As humans, we take for granted how easy it is to grab something and put it its rightful place. If a friend asks you to grab a mug for example and place it on a hook, it takes very little thinking to do so. Robots, on the other hand, would need a ton of instructions to perform the same act — identify the mug, visually locate the handle, understand that’s how it’s picked up, use the correct number of contact points to do so, and so on.
Engineers from MIT’s Computer Science and Artificial Intelligence Laboratory (CSAIL) have developed a new system for robots that allows them to pick-and-place a host of different objects without ever having seen what those objects interact with. The system is known as KPAM (Keypoint Affordance Manipulation), which collects a series of 3D keypoints (coordinates) on an object and uses it a visual roadmap to determine what to do with it.

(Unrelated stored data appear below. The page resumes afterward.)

(* Let $A$ be a partially ordered set and $G,H$ games over $A$. If $G=\{G^L\mid G^R\}$ is composite, then $H\lhd G$ if and only if $G\equiv\{H,G^L\mid G^R\}$ (the game obtained from $G$ by adding $H$ as an additional left option). Dually, if $H=\{H^L\mid H^R\}$ is composite, then $H\lhd G$ if and only if $H\equiv\{H^L\mid H^R,G\}$ (the game obtained from $H$ by adding $G$ as an additional right option).
   Context: Games over a poset $A$ are defined inductively: for each $a\in A$ there is an atomic game $[a]$, which has no options; and if $L$ and $R$ are non-empty sets of games, then $\{L\mid R\}$ is a composite game with left options $L$ and right options $R$; we write $\{G^L\mid G^R\}$ for a game with typical left option $G^L$ and right option $G^R$. The relations $\le$ and $\lhd$ are defined by simultaneous recursion: $G\le H$ iff (1) every left option $G^L$ of $G$ satisfies $G^L\lhd H$, (2) every right option $H^R$ of $H$ satisfies $G\lhd H^R$, and (3) if $G$ or $H$ is atomic then $G\lhd H$; and $G\lhd H$ iff (1) some right option $G^R$ of $G$ satisfies $G^R\le H$, or (2) some left option $H^L$ of $H$ satisfies $G\le H^L$, or (3) $G=[a]$, $H=[b]$ are atomic and $a\le b$. $G\equiv H$ means $G\le H$ and $H\le G$. *)

theory Defs
  imports Main
begin

text \<open>A composite game has a family of left options and a family
of right options; to allow option sets of arbitrary size (a HOL datatype cannot nest through
the unbounded set type), options are given by partial families indexed by an arbitrary type 'i:
the left options of Comp l r are the games g with l i = Some g for some i.  Since 'i is an
arbitrary type variable, every game (of any cardinality) is representable for suitable 'i.\<close>

datatype ('a, 'i) game =
    is_atom: Atom 'a
  | Comp "'i \<Rightarrow> ('a, 'i) game option" "'i \<Rightarrow> ('a, 'i) game option"

fun lopts :: "('a, 'i) game \<Rightarrow> ('a, 'i) game set" where
  "lopts (Atom a) = {}"
| "lopts (Comp l r) = {g. \<exists>i. l i = Some g}"

fun ropts :: "('a, 'i) game \<Rightarrow> ('a, 'i) game set" where
  "ropts (Atom a) = {}"
| "ropts (Comp l r) = {g. \<exists>i. r i = Some g}"

inductive wf_game :: "('a, 'i) game \<Rightarrow> bool" where
  "wf_game (Atom a)"
| "\<lbrakk> lopts (Comp l r) \<noteq> {}; ropts (Comp l r) \<noteq> {};
     \<forall>x \<in> lopts (Comp l r) \<union> ropts (Comp l r). wf_game x \<rbrakk> \<Longrightarrow> wf_game (Comp l r)"

text \<open>The relations \<le> and \<lhd>, defined by simultaneous recursion.  The recursion is well
founded, so the least solution of the defining clauses is the unique one.\<close>
inductive game_le :: "('a::order, 'i) game \<Rightarrow> ('a, 'i) game \<Rightarrow> bool"
      and game_lf :: "('a::order, 'i) game \<Rightarrow> ('a, 'i) game \<Rightarrow> bool" where
  le_intro: "\<lbrakk> \<forall>gl \<in> lopts G. game_lf gl H;
               \<forall>hr \<in> ropts H. game_lf G hr;
               (is_atom G \<or> is_atom H) \<longrightarrow> game_lf G H \<rbrakk> \<Longrightarrow> game_le G H"
| lf_right: "\<lbrakk> gr \<in> ropts G; game_le gr H \<rbrakk> \<Longrightarrow> game_lf G H"
| lf_left: "\<lbrakk> hl \<in> lopts H; game_le G hl \<rbrakk> \<Longrightarrow> game_lf G H"
| lf_atom: "a \<le> b \<Longrightarrow> game_lf (Atom a) (Atom b)"

definition game_equiv :: "('a::order, 'i) game \<Rightarrow> ('a, 'i) game \<Rightarrow> bool" where
  "game_equiv G H \<longleftrightarrow> game_le G H \<and> game_le H G"

end

theory Submission imports Defs begin

(* Between composite games, \<le> is decided by the options alone, and reflexivity of \<le> gives
   G\<^sup>L \<lhd> G \<lhd> G\<^sup>R for every option.  So adding H as a left option of G can only make
   the game larger, and the enlarged game is still \<le> G exactly when the new option satisfies
   H \<lhd> G, the one condition not already met by G itself. *)

lemma game_le_refl: "game_le (G :: ('a::order, 'i) game) G"
proof (induction G)
  case (Atom a)
  show ?case by (rule le_intro) (auto intro: lf_atom)
next
  case (Comp l r)
  have opt_refl: "game_le g g" if "g \<in> lopts (Comp l r) \<union> ropts (Comp l r)" for g
    using that Comp.IH by auto (metis option.set_intros rangeI)+
  show ?case
  proof (intro le_intro ballI impI)
    show "game_lf gl (Comp l r)" if "gl \<in> lopts (Comp l r)" for gl
      using that opt_refl by (blast intro: lf_left)
    show "game_lf (Comp l r) hr" if "hr \<in> ropts (Comp l r)" for hr
      using that opt_refl by (blast intro: lf_right)
  qed simp
qed

lemma lopt_lf: "gl \<in> lopts G \<Longrightarrow> game_lf gl G"
  using lf_left game_le_refl by blast

lemma ropt_lf: "gr \<in> ropts G \<Longrightarrow> game_lf G gr"
  using lf_right game_le_refl by blast

lemma game_le_composite_iff:
  assumes "\<not> is_atom G" and "\<not> is_atom H"
  shows "game_le G H \<longleftrightarrow> (\<forall>gl \<in> lopts G. game_lf gl H) \<and> (\<forall>hr \<in> ropts H. game_lf G hr)"
  using assms by (auto intro: le_intro elim: game_le.cases)

lemma game_le_options_mono:
  assumes "\<not> is_atom G" and "\<not> is_atom H"
    and "lopts G \<subseteq> lopts H" and "ropts H \<subseteq> ropts G"
  shows "game_le G H"
  using assms by (auto simp: game_le_composite_iff intro: lopt_lf ropt_lf)

lemma game_equiv_insert_lopt_iff:
  assumes "\<not> is_atom G" and "\<not> is_atom K"
    and "lopts K = insert H (lopts G)" and "ropts K = ropts G"
  shows "game_lf H G \<longleftrightarrow> game_equiv G K"
proof -
  have "game_le G K"
    using assms by (intro game_le_options_mono) auto
  moreover have "game_le K G \<longleftrightarrow> game_lf H G"
    using assms by (auto simp: game_le_composite_iff intro: lopt_lf ropt_lf)
  ultimately show ?thesis
    by (simp add: game_equiv_def)
qed

lemma game_equiv_insert_ropt_iff:
  assumes "\<not> is_atom H" and "\<not> is_atom K"
    and "lopts K = lopts H" and "ropts K = insert G (ropts H)"
  shows "game_lf H G \<longleftrightarrow> game_equiv H K"
proof -
  have "game_le K H"
    using assms by (intro game_le_options_mono) auto
  moreover have "game_le H K \<longleftrightarrow> game_lf H G"
    using assms by (auto simp: game_le_composite_iff intro: lopt_lf ropt_lf)
  ultimately show ?thesis
    by (simp add: game_equiv_def)
qed

theorem lemma4p10:
  fixes G H :: "('a::order, 'i) game"
  assumes "wf_game G" and "wf_game H"
  shows "(\<not> is_atom G \<longrightarrow>
            (\<forall>K. \<not> is_atom K \<and> lopts K = insert H (lopts G) \<and> ropts K = ropts G \<longrightarrow>
                 (game_lf H G \<longleftrightarrow> game_equiv G K)))
       \<and> (\<not> is_atom H \<longrightarrow>
            (\<forall>K. \<not> is_atom K \<and> lopts K = lopts H \<and> ropts K = insert G (ropts H) \<longrightarrow>
                 (game_lf H G \<longleftrightarrow> game_equiv H K)))"
  using game_equiv_insert_lopt_iff game_equiv_insert_ropt_iff by blast

end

As shown in the video below, the robot only needed three keypoints for the mug — the center of the mugs side, handle, and bottom, and used that data to place the mug on a holder. For the shoe, KPAM needed six keypoints to pick-and-place more than 20 different pairs of shoes. The engineers are looking to continue KPAMs development for greater generalizability to perform greater tasks, such as unloading dishwashers and cleaning kitchen counters.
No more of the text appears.